▶ Data records

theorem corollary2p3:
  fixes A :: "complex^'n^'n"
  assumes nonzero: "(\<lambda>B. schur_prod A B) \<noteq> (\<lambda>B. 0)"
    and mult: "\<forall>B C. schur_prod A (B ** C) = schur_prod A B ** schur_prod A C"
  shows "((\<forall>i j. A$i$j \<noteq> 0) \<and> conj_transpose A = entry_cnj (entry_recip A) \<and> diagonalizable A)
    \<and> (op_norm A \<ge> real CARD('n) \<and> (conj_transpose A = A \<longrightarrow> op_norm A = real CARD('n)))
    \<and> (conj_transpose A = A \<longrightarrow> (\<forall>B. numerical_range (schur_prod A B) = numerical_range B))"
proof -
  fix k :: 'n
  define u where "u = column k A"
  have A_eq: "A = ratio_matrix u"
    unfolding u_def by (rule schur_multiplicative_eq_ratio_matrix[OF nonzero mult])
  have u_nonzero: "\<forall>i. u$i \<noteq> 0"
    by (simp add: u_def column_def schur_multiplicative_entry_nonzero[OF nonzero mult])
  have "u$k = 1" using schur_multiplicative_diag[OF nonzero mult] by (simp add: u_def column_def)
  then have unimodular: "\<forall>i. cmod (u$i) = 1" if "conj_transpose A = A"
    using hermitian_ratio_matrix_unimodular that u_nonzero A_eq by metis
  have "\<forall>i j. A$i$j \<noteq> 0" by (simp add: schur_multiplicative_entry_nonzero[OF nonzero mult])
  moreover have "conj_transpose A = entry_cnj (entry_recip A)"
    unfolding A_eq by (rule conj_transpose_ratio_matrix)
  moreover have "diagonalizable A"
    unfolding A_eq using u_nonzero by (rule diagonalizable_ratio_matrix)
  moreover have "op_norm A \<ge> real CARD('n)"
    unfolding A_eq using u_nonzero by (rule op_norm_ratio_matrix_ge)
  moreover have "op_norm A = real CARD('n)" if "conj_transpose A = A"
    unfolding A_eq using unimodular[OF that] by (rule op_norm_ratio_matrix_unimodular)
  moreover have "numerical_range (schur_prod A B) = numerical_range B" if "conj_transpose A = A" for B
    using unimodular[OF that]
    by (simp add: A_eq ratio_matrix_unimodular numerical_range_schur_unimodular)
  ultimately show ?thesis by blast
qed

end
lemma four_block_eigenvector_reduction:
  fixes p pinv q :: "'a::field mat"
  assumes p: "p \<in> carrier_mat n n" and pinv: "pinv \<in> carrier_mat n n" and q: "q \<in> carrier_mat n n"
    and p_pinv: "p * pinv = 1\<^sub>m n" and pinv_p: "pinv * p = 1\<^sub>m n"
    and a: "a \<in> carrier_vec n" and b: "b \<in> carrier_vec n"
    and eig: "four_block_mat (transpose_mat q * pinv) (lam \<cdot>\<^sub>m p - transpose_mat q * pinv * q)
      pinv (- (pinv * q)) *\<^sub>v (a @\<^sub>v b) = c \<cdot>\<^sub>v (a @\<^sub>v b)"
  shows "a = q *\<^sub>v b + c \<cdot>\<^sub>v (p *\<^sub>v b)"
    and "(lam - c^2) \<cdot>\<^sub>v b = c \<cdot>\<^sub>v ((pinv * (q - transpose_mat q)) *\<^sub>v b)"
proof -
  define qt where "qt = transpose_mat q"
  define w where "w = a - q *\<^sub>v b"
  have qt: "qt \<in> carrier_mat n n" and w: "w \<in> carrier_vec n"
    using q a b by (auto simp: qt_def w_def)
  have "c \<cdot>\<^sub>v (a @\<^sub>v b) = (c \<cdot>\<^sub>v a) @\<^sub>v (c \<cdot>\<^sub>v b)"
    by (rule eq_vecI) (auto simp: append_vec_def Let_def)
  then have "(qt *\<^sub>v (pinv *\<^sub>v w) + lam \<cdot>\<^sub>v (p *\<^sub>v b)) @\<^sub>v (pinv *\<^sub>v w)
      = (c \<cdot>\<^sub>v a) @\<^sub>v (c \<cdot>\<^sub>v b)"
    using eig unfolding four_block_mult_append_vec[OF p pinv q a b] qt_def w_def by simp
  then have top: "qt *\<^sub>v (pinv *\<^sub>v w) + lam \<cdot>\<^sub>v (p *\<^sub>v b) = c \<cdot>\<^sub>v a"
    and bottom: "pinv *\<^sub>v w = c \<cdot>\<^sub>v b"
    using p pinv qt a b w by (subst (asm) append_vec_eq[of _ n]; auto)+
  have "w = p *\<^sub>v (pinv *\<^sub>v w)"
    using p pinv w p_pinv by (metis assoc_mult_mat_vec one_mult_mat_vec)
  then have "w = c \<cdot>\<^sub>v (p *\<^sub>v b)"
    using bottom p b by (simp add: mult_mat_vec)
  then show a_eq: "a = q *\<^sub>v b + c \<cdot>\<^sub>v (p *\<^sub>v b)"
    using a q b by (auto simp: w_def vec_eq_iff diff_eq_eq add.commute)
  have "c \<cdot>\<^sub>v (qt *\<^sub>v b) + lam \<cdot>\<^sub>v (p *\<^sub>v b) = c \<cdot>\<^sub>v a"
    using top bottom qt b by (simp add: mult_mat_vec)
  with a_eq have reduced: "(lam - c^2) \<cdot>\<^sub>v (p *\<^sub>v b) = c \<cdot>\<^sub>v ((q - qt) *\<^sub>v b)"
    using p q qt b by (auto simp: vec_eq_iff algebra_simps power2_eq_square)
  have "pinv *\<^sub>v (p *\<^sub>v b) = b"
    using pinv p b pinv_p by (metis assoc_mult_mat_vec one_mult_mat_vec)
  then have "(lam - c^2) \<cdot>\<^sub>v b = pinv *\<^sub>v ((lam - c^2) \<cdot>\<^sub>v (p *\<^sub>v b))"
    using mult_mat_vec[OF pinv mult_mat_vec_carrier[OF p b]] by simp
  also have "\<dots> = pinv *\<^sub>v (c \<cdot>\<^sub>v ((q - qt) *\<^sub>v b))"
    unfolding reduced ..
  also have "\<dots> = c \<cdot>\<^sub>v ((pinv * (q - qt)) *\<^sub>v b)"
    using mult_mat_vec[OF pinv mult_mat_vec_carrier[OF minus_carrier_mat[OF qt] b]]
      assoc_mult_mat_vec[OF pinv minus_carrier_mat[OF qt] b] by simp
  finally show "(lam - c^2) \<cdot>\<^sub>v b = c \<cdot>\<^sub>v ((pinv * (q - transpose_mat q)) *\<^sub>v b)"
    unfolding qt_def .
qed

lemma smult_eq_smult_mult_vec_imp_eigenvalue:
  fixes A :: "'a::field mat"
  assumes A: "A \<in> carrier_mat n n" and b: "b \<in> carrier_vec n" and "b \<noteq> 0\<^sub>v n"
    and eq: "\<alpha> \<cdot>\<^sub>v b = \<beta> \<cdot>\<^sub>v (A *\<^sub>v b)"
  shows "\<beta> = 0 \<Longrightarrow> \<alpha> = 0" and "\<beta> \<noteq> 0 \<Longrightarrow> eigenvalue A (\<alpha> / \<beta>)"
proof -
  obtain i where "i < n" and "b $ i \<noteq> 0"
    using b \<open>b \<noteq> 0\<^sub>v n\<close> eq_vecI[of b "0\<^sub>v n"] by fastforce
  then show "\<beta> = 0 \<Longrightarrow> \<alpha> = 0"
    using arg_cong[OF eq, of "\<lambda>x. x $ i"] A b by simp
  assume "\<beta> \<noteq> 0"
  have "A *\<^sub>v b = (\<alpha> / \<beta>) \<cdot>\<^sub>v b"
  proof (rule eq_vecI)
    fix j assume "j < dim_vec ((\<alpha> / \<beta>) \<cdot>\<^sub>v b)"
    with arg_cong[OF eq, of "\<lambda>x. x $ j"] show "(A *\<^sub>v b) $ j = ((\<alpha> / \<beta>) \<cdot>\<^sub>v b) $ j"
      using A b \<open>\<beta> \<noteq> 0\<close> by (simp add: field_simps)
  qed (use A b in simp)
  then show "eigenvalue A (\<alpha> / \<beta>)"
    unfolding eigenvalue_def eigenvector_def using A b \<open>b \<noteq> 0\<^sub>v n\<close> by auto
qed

▶ How to complete this task
Using the material, show each line where the string "dots" can be found.

▶ Task solution
  also have "\<dots> = pinv *\<^sub>v (c \<cdot>\<^sub>v ((q - qt) *\<^sub>v b))"
  also have "\<dots> = c \<cdot>\<^sub>v ((pinv * (q - qt)) *\<^sub>v b)"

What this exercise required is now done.